CASA de Maryland, a Latino and immigrant advocacy and assistance organization in the Capital region, is well equipped to serve Spanish- and French-speaking residents, said Michelle LaRue, the senior manager of health and human services for CASA de Maryland.
Five state-certified, bilingual consumer assistance workers, called navigators, are available seven days a week at each of CASA de Maryland’s five welcome centers. Two more navigators work in Spanish-speaking communities and attend outreach events. CASA de Maryland also has its own team of bilingual community health workers who are able to answer basic questions about the Affordable Care Act at outreach events.
Most of CASA de Maryland’s navigators are Spanish-speaking. One navigator serves all French-speaking clients, who make up 20 percent of all prospective enrollees visiting CASA de Maryland welcome centers, LaRue said.
LaRue said the most successful strategy for reaching out to non-English speaking consumers is through face-to-face conversations.
“The application is pretty long and asks a lot of detailed questions about family makeup and income,” LaRue said. “I think it really helps to have someone sit down with you who has been trained on this process to walk with you through the process.”
CASA de Maryland has been able to use Spanish-language resources and slideshows provided by the Maryland Health Benefit Exchange to encourage enrollment. But for Chinese-speaking residents, health insurance information in their primary language has been much more difficult to obtain, said Kate Lu, the clinic director for Pan Asian Volunteer Health Clinic, a program of the Chinese Culture and Community Service Center, Inc.

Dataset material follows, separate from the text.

(* Let $k, m \in \mathbb N$ with $k \ge 2$, and let $\phi \colon \mathcal H_{2k}^0 \to M_m$ be a real linear map with $\phi(\mathcal{IH}_{2k}^0) \subset \mathcal U_m$. Let $H \in \mathcal{IH}_{2(k-2)}^0$, $K \in \mathcal H_2\cap\mathcal U_2$, $Z \in \mathcal U_2$, $T \in M_{2(k-1),2}$ and $V \in M_{2(k-1),2(k-2)}$ be such that the block matrix $\begin{bmatrix} V & T\end{bmatrix} \in \mathcal U_{2(k-1)}$. Then $$\left|\phi\!\left(\begin{bmatrix} & TZ \\ Z^\ast T^\ast & \end{bmatrix}\right)\right|^2 = \left|\phi\!\left(TKT^\ast \oplus (-Z^\ast K Z)\right)\right|^2 = I_m - \left|\phi\!\left(VHV^\ast \oplus 0_2\right)\right|^2$$ and $$\operatorname{Re}\!\left(\phi\!\left(TKT^\ast \oplus (-Z^\ast KZ)\right)^\ast\, \phi\!\left(\begin{bmatrix} & TZ \\ Z^\ast T^\ast & \end{bmatrix}\right)\right) = 0_m.$$
   Context: $M_{p,q}$ is the set of $p\times q$ complex matrices, $M_m = M_{m,m}$, $\mathcal U_n$ the $n\times n$ unitary matrices, $\mathcal H_n$ the $n\times n$ complex hermitian matrices, $\mathcal H_n^0$ the trace-zero ones, $\mathcal{IH}_n^0 = \mathcal H_n^0\cap\mathcal U_n$ (for $n=0$ these are the empty matrices). The block matrix $\begin{bmatrix} & TZ \\ Z^\ast T^\ast & \end{bmatrix}$ is the $2k\times 2k$ matrix with zero diagonal blocks of sizes $2(k-1)$ and $2$. $|A| = (A^\ast A)^{1/2}$, $\operatorname{Re}A = \tfrac12(A+A^\ast)$, $\oplus$ is block-diagonal sum. *)

theory Defs
  imports "Jordan_Normal_Form.Matrix"
begin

Lu said the clinic only has one certified, part-time consumer assistance worker to help Chinese-speaking residents.
“We do feel it is really not enough for Chinese [people] in the community,” Lu said. “We are trying to talk to the [Maryland Health Benefit Exchange] to persuade them to hire more navigators so we can have one on-site to provide services to people who really need the help but have the language barrier.”

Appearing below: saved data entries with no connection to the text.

(* Let $A\subset\mathbb{R}$, let $f:A\to\mathbb{R}$ be a function and let $a,L\in\mathbb{R}$. Then $T_5\lim_{x\to a}f(x)=L$ if and only if there exist functions $g,h:A\to\mathbb{R}$ and a real $\delta_0>0$ such that $f(x)=g(x)+h(x)$ for all $x\in A$, $\lim_{x\to a}g(x)=L$, and the set $\left\{x\in\left((a-\delta_0,a+\delta_0)\setminus\{a\}\right)\cap A:\ h(x)\neq0\right\}$ is countable.
   Context: $T_5\lim_{x\to a}f(x)=L$ means: for every real $\varepsilon>0$ there exists a real $\delta_\varepsilon>0$ such that the set $\left\{x\in\left((a-\delta_{\varepsilon},a+\delta_{\varepsilon})\setminus\{a\}\right)\cap A:\ |f(x)-L|\geq\varepsilon\right\}$ is countable (finite or countably infinite). The statement $\lim_{x\to a}g(x)=L$ denotes the classical limit: for every $\varepsilon>0$ there is $\delta>0$ such that $|g(x)-L|<\varepsilon$ for all $x\in A$ with $0<|x-a|<\delta$. *)

theory Defs
  imports "HOL-Analysis.Analysis"
begin

definition T5_lim :: "real set \<Rightarrow> (real \<Rightarrow> real) \<Rightarrow> real \<Rightarrow> real \<Rightarrow> bool" where
  "T5_lim A f a L \<longleftrightarrow>
     (\<forall>\<epsilon>>0. \<exists>\<delta>>0. countable {x \<in> ({a - \<delta> <..< a + \<delta>} - {a}) \<inter> A. \<bar>f x - L\<bar> \<ge> \<epsilon>})"

end

theory Submission
  imports Defs
begin

text \<open>For \<open>\<epsilon> = 1 / (n + 1)\<close> the exceptional sets of the \<open>T\<^sub>5\<close>-limit are countable, hence so is
  their union \<open>E\<close>; off \<open>E\<close> the function has the classical limit, and conversely a classical limit
  off a countable set leaves only countably many exceptional points for every \<open>\<epsilon>\<close>. Redefining
  \<open>f\<close> to be \<open>L\<close> on \<open>E\<close> gives \<open>g\<close>, and \<open>h = f - g\<close> vanishes off \<open>E\<close>.\<close>

lemma T5_lim_imp_tendsto_off_countable:
  assumes "T5_lim A f a L"
  obtains E where "countable E" "(f \<longlongrightarrow> L) (at a within A - E)"
proof -
  have "\<forall>n::nat. \<exists>\<delta>>0.
      countable {x \<in> ({a - \<delta> <..< a + \<delta>} - {a}) \<inter> A. \<bar>f x - L\<bar> \<ge> 1 / real (Suc n)}"
    using assms unfolding T5_lim_def by simp
  then obtain d where d_pos: "\<And>n. d n > 0" and countable_exceptions:
      "\<And>n. countable {x \<in> ({a - d n <..< a + d n} - {a}) \<inter> A. \<bar>f x - L\<bar> \<ge> 1 / real (Suc n)}"
    by metis
  define E where
    "E = (\<Union>n. {x \<in> ({a - d n <..< a + d n} - {a}) \<inter> A. \<bar>f x - L\<bar> \<ge> 1 / real (Suc n)})"
  have "countable E"
    unfolding E_def using countable_exceptions by blast
  moreover have "(f \<longlongrightarrow> L) (at a within A - E)"
    unfolding Lim_within dist_real_def
  proof (intro allI impI)
    fix \<epsilon> :: real
    assume "\<epsilon> > 0"
    then obtain n where n: "1 / real (Suc n) < \<epsilon>"
      by (rule nat_approx_posE)
    have "\<bar>f x - L\<bar> < \<epsilon>" if "x \<in> A - E" "0 < \<bar>x - a\<bar>" "\<bar>x - a\<bar> < d n" for x
    proof -
      have "x \<in> ({a - d n <..< a + d n} - {a}) \<inter> A"
        using that by (auto simp: abs_less_iff)
      with \<open>x \<in> A - E\<close> have "\<bar>f x - L\<bar> < 1 / real (Suc n)"
        unfolding E_def by force
      with n show ?thesis by linarith
    qed
    with d_pos show "\<exists>\<delta>>0. \<forall>x\<in>A - E. 0 < \<bar>x - a\<bar> \<and> \<bar>x - a\<bar> < \<delta> \<longrightarrow> \<bar>f x - L\<bar> < \<epsilon>"
      by blast
  qed
  ultimately show thesis
    by (rule that)
qed

lemma tendsto_off_countable_imp_T5_lim:
  assumes "countable E" and "(f \<longlongrightarrow> L) (at a within A - E)"
  shows "T5_lim A f a L"
  unfolding T5_lim_def
proof (intro allI impI)
  fix \<epsilon> :: real
  assume "\<epsilon> > 0"
  with assms(2) obtain \<delta> where "\<delta> > 0"
    and close: "\<And>x. x \<in> A - E \<Longrightarrow> 0 < \<bar>x - a\<bar> \<Longrightarrow> \<bar>x - a\<bar> < \<delta> \<Longrightarrow> \<bar>f x - L\<bar> < \<epsilon>"
    unfolding Lim_within dist_real_def by blast
  have "{x \<in> ({a - \<delta> <..< a + \<delta>} - {a}) \<inter> A. \<bar>f x - L\<bar> \<ge> \<epsilon>} \<subseteq> E"
    using close by force
  with \<open>\<delta> > 0\<close> \<open>countable E\<close> show
    "\<exists>\<delta>>0. countable {x \<in> ({a - \<delta> <..< a + \<delta>} - {a}) \<inter> A. \<bar>f x - L\<bar> \<ge> \<epsilon>}"
    using countable_subset by blast
qed

lemma T5_lim_iff_tendsto_off_countable:
  "T5_lim A f a L \<longleftrightarrow> (\<exists>E. countable E \<and> (f \<longlongrightarrow> L) (at a within A - E))"
  by (metis T5_lim_imp_tendsto_off_countable tendsto_off_countable_imp_T5_lim)

lemma tendsto_off_countable_iff_decomposition:
  fixes f :: "'a::metric_space \<Rightarrow> 'b::real_normed_vector"
  shows "(\<exists>E. countable E \<and> (f \<longlongrightarrow> L) (at a within A - E)) \<longleftrightarrow>
    (\<exists>g h. \<exists>\<delta>\<^sub>0 > 0. (\<forall>x\<in>A. f x = g x + h x) \<and> (g \<longlongrightarrow> L) (at a within A) \<and>
       countable {x \<in> (ball a \<delta>\<^sub>0 - {a}) \<inter> A. h x \<noteq> 0})"
proof
  assume "\<exists>E. countable E \<and> (f \<longlongrightarrow> L) (at a within A - E)"
  then obtain E where "countable E" and f_lim: "(f \<longlongrightarrow> L) (at a within A - E)"
    by blast
  define g where "g x = (if x \<in> E then L else f x)" for x
  have "(g \<longlongrightarrow> L) (at a within A - E)"
    using f_lim by (rule Lim_cong_within[THEN iffD1, rotated -1]) (simp_all add: g_def)
  moreover have "(g \<longlongrightarrow> L) (at a within A \<inter> E)"
    by (rule Lim_cong_within[THEN iffD1, rotated -1, OF tendsto_const]) (simp_all add: g_def)
  ultimately have "(g \<longlongrightarrow> L) (at a within A)"
    using Lim_Un[of g L a "A - E" "A \<inter> E"] by (simp add: Un_Diff_Int)
  moreover have "{x \<in> (ball a 1 - {a}) \<inter> A. f x - g x \<noteq> 0} \<subseteq> E"
    by (auto simp: g_def)
  ultimately show "\<exists>g h. \<exists>\<delta>\<^sub>0 > 0. (\<forall>x\<in>A. f x = g x + h x) \<and> (g \<longlongrightarrow> L) (at a within A) \<and>
       countable {x \<in> (ball a \<delta>\<^sub>0 - {a}) \<inter> A. h x \<noteq> 0}"
    using \<open>countable E\<close> countable_subset
    by (intro exI[of _ g] exI[of _ "\<lambda>x. f x - g x"] exI[of _ 1]) auto
next
  assume "\<exists>g h. \<exists>\<delta>\<^sub>0 > 0. (\<forall>x\<in>A. f x = g x + h x) \<and> (g \<longlongrightarrow> L) (at a within A) \<and>
       countable {x \<in> (ball a \<delta>\<^sub>0 - {a}) \<inter> A. h x \<noteq> 0}"
  then obtain g h \<delta>\<^sub>0 where "\<delta>\<^sub>0 > 0" and sum: "\<forall>x\<in>A. f x = g x + h x"
    and g_lim: "(g \<longlongrightarrow> L) (at a within A)"
    and "countable {x \<in> (ball a \<delta>\<^sub>0 - {a}) \<inter> A. h x \<noteq> 0}" (is "countable ?E")
    by blast
  have "(g \<longlongrightarrow> L) (at a within A - ?E)"
    using g_lim by (rule tendsto_within_subset) blast
  then have "(f \<longlongrightarrow> L) (at a within A - ?E)"
    by (rule Lim_transform_within[OF _ \<open>\<delta>\<^sub>0 > 0\<close>]) (auto simp: sum dist_commute)
  with \<open>countable ?E\<close> show "\<exists>E. countable E \<and> (f \<longlongrightarrow> L) (at a within A - E)"
    by blast
qed

theorem theorem3:
  fixes A :: "real set" and f :: "real \<Rightarrow> real" and a L :: real
  shows "T5_lim A f a L \<longleftrightarrow>
    (\<exists>g h :: real \<Rightarrow> real. \<exists>\<delta>\<^sub>0 > 0.
       (\<forall>x\<in>A. f x = g x + h x) \<and>
       (\<forall>\<epsilon>>0. \<exists>\<delta>>0. \<forall>x\<in>A. 0 < \<bar>x - a\<bar> \<and> \<bar>x - a\<bar> < \<delta> \<longrightarrow> \<bar>g x - L\<bar> < \<epsilon>) \<and>
       countable {x \<in> ({a - \<delta>\<^sub>0 <..< a + \<delta>\<^sub>0} - {a}) \<inter> A. h x \<noteq> 0})"
  unfolding T5_lim_iff_tendsto_off_countable tendsto_off_countable_iff_decomposition
  by (simp only: Lim_within dist_real_def ball_eq_greaterThanLessThan)

end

Lu said 20 to 30 people stop by the clinic on Fridays—the only day the navigator is available on-site—to learn about the Affordable Care Act insurance plans, even if they are not yet citizens.

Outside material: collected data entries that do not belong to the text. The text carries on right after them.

(* Let $X_1,\ldots,X_m$ ($m\ge 2$) be real-valued square integrable random variables on a common probability space, $\mathbf{X}=(X_1,\ldots,X_m)$. Then the partial linear mean impact $\iota^{lin}_{X_1\mid X_2,\ldots,X_m}$ is free of confounding (with respect to $X_2,\ldots,X_m$) if and only if $E(X_1\mid X_2,\ldots,X_m)$ is (almost surely) a linear function $\beta_0+\sum_{j=2}^m\beta_jX_j$ of $X_2,\ldots,X_m$.
   Context: With $\mathcal{H}^{lin}_1=\{\delta(\mathbf{X})=\eta_0+\sum_{j=1}^m\eta_jX_j:\ E[\delta(\mathbf{X})]=0,\ E[\delta^2(\mathbf{X})]=1,\ E[X_j\delta(\mathbf{X})]=0\ \text{for all } j\ge 2\}$, the partial linear mean impact of $X_1$ on a square integrable random variable $Y$ is $\iota^{lin}_{X_1\mid X_2,\ldots,X_m}(Y)=\sup_{\delta(\mathbf{X})\in\mathcal{H}^{lin}_1}E[Y\delta(\mathbf{X})]$. This parameter is called free of confounding (with respect to $X_2,\ldots,X_m$) if $\iota^{lin}_{X_1\mid X_2,\ldots,X_m}(Y)=0$ for every square integrable random variable $Y$ such that $E(Y\mid\mathbf{X})=g(X_2,\ldots,X_m)$ for some measurable square integrable $g:\mathbb{R}^{m-1}\to\mathbb{R}$ (i.e. $E(Y\mid\mathbf{X})$ is measurable with respect to the $\sigma$-algebra generated by $X_2,\ldots,X_m$). *)

theory Defs
  imports "HOL-Probability.Probability"
begin

definition sq_integrable :: "'a measure \<Rightarrow> ('a \<Rightarrow> real) \<Rightarrow> bool" where
  "sq_integrable M Y \<longleftrightarrow> Y \<in> borel_measurable M \<and> integrable M (\<lambda>\<omega>. (Y \<omega>)^2)"

definition lin_comb :: "(nat \<Rightarrow> 'a \<Rightarrow> real) \<Rightarrow> nat \<Rightarrow> (nat \<Rightarrow> real) \<Rightarrow> 'a \<Rightarrow> real" where
  "lin_comb X m \<eta> = (\<lambda>\<omega>. \<eta> 0 + (\<Sum>j = 1..m. \<eta> j * X j \<omega>))"

definition H_lin :: "'a measure \<Rightarrow> (nat \<Rightarrow> 'a \<Rightarrow> real) \<Rightarrow> nat \<Rightarrow> ('a \<Rightarrow> real) set" where
  "H_lin M X m = {\<delta>. \<exists>\<eta>. \<delta> = lin_comb X m \<eta>
      \<and> (\<integral>\<omega>. \<delta> \<omega> \<partial>M) = 0
      \<and> (\<integral>\<omega>. (\<delta> \<omega>)^2 \<partial>M) = 1
      \<and> (\<forall>j\<in>{2..m}. (\<integral>\<omega>. X j \<omega> * \<delta> \<omega> \<partial>M) = 0)}"

definition partial_lin_mean_impact ::
    "'a measure \<Rightarrow> (nat \<Rightarrow> 'a \<Rightarrow> real) \<Rightarrow> nat \<Rightarrow> ('a \<Rightarrow> real) \<Rightarrow> real" where
  "partial_lin_mean_impact M X m Y =
     (if H_lin M X m = {} then 0
      else Sup ((\<lambda>\<delta>. \<integral>\<omega>. Y \<omega> * \<delta> \<omega> \<partial>M) ` H_lin M X m))"

definition sigma_gen :: "'a measure \<Rightarrow> (nat \<Rightarrow> 'a \<Rightarrow> real) \<Rightarrow> nat set \<Rightarrow> 'a measure" where
  "sigma_gen M X I = vimage_algebra (space M) (\<lambda>\<omega>. \<lambda>j\<in>I. X j \<omega>) (\<Pi>\<^sub>M j\<in>I. borel)"

definition free_of_confounding :: "'a measure \<Rightarrow> (nat \<Rightarrow> 'a \<Rightarrow> real) \<Rightarrow> nat \<Rightarrow> bool" where
  "free_of_confounding M X m \<longleftrightarrow>
    (\<forall>Y. sq_integrable M Y \<and>
       (\<exists>g \<in> borel_measurable (\<Pi>\<^sub>M j\<in>{2..m}. borel).
          integrable M (\<lambda>\<omega>. (g (\<lambda>j\<in>{2..m}. X j \<omega>))^2) \<and>
          (AE \<omega> in M. real_cond_exp M (sigma_gen M X {1..m}) Y \<omega> = g (\<lambda>j\<in>{2..m}. X j \<omega>)))
     \<longrightarrow> partial_lin_mean_impact M X m Y = 0)"

end

theory Submission
  imports Defs
begin

(* With U the residual of the best linear predictor of X\<^sub>1 from 1, X\<^sub>2, ..., X\<^sub>m, every \<delta> in
   H_lin is almost surely a multiple of U, so the partial linear mean impact of Y is
   |E[Y U]| / \<Parallel>U\<Parallel>.  If E(X\<^sub>1 | X\<^sub>2, ..., X\<^sub>m) is linear, it is that predictor, so U is orthogonal
   to every square integrable function of X\<^sub>2, ..., X\<^sub>m, and hence to every Y whose conditional
   expectation given X is such a function.  Conversely, indicators of events in \<sigma>(X\<^sub>2, ..., X\<^sub>m)
   are such Y; freedom of confounding makes U orthogonal to all of them, which characterises
   the predictor as the conditional expectation. *)

definition inner_L2 :: "'a measure \<Rightarrow> ('a \<Rightarrow> real) \<Rightarrow> ('a \<Rightarrow> real) \<Rightarrow> real" where
  "inner_L2 M f g = (\<integral>x. f x * g x \<partial>M)"

definition affine_comb :: "(nat \<Rightarrow> 'a \<Rightarrow> real) \<Rightarrow> nat set \<Rightarrow> (nat \<Rightarrow> real) \<Rightarrow> 'a \<Rightarrow> real" where
  "affine_comb Z J \<beta> = (\<lambda>x. \<beta> 0 + (\<Sum>j\<in>J. \<beta> j * Z j x))"

lemma borel_measurable_affine_comb:
  assumes "\<And>j. j \<in> J \<Longrightarrow> Z j \<in> borel_measurable N"
  shows "affine_comb Z J \<beta> \<in> borel_measurable N"
  unfolding affine_comb_def using assms by measurable

lemma sq_integrable_imp_measurable: "sq_integrable M f \<Longrightarrow> f \<in> borel_measurable M"
  unfolding sq_integrable_def by simp

lemma integrable_mult_sq_integrable:
  assumes "sq_integrable M f" "sq_integrable M g"
  shows "integrable M (\<lambda>x. f x * g x)"
proof (rule Bochner_Integration.integrable_bound)
  show "integrable M (\<lambda>x. (f x)\<^sup>2 + (g x)\<^sup>2)" using assms unfolding sq_integrable_def by auto
  show "(\<lambda>x. f x * g x) \<in> borel_measurable M" using assms unfolding sq_integrable_def by auto
  have "norm (f x * g x) \<le> norm ((f x)\<^sup>2 + (g x)\<^sup>2)" for x
  proof -
    have "2 * (\<bar>f x\<bar> * \<bar>g x\<bar>) \<le> (f x)\<^sup>2 + (g x)\<^sup>2"
      using sum_squares_bound[of "\<bar>f x\<bar>" "\<bar>g x\<bar>"] by (simp add: mult.assoc)
    moreover have "0 \<le> \<bar>f x\<bar> * \<bar>g x\<bar>" by simp
    ultimately have "\<bar>f x\<bar> * \<bar>g x\<bar> \<le> (f x)\<^sup>2 + (g x)\<^sup>2" by linarith
    then show ?thesis by (simp add: abs_mult)
  qed
  then show "AE x in M. norm (f x * g x) \<le> norm ((f x)\<^sup>2 + (g x)\<^sup>2)" by simp
qed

“Even if they don’t have the papers, they would love to know details so they can get ready for it,” Lu said.
To educate Chinese-speakers about gaining insurance through the Affordable Care Act, volunteers host seminars, attend health fairs and write articles in Chinese about health insurance updates.
Many of the Chinese-language resources Pan Asian Volunteer Health Clinic utilizes were composed by members of the Asian American Health Initiative, Lu said.
Perry Chan, the program manager with the Asian American Health Initiative, said his organization created fliers in seven different Asian languages to teach consumers in Montgomery and Prince George’s counties about the Affordable Care Act.
“Based on our outreach experience we found that we needed some materials in very simple, straightforward, clean language to educate our community and increase their awareness,” Chan said.
Similar to CASA de Maryland, Asian American Health Initiative also has a team of outreach volunteers called health promoters who work in Asian-American communities to educate consumers about enrollment.
“Health promoters are the ones the community trusts. They know the culture because they have come up from the community and speak the language,” Chan said.
Chan said Affordable Care Act enrollment and outreach efforts have given the Asian American Health Initiative the opportunity to collaborate with other community organizations and inform their community in a “culturally and linguistically competent way.”
“We just want to talk to every single person to ensure they have at least heard briefly about the Affordable Care Act and where to sign up,” Chan said.
Ultimately, Gutierrez said, the Maryland Health Benefit Exchange needs to provide English and non-English speaking residents “access to information and services that allow them to sign up in an informed way.”
“It’s not just filling out an application and signing it. There are decisions to be made. Those are complicated in any language,” she said.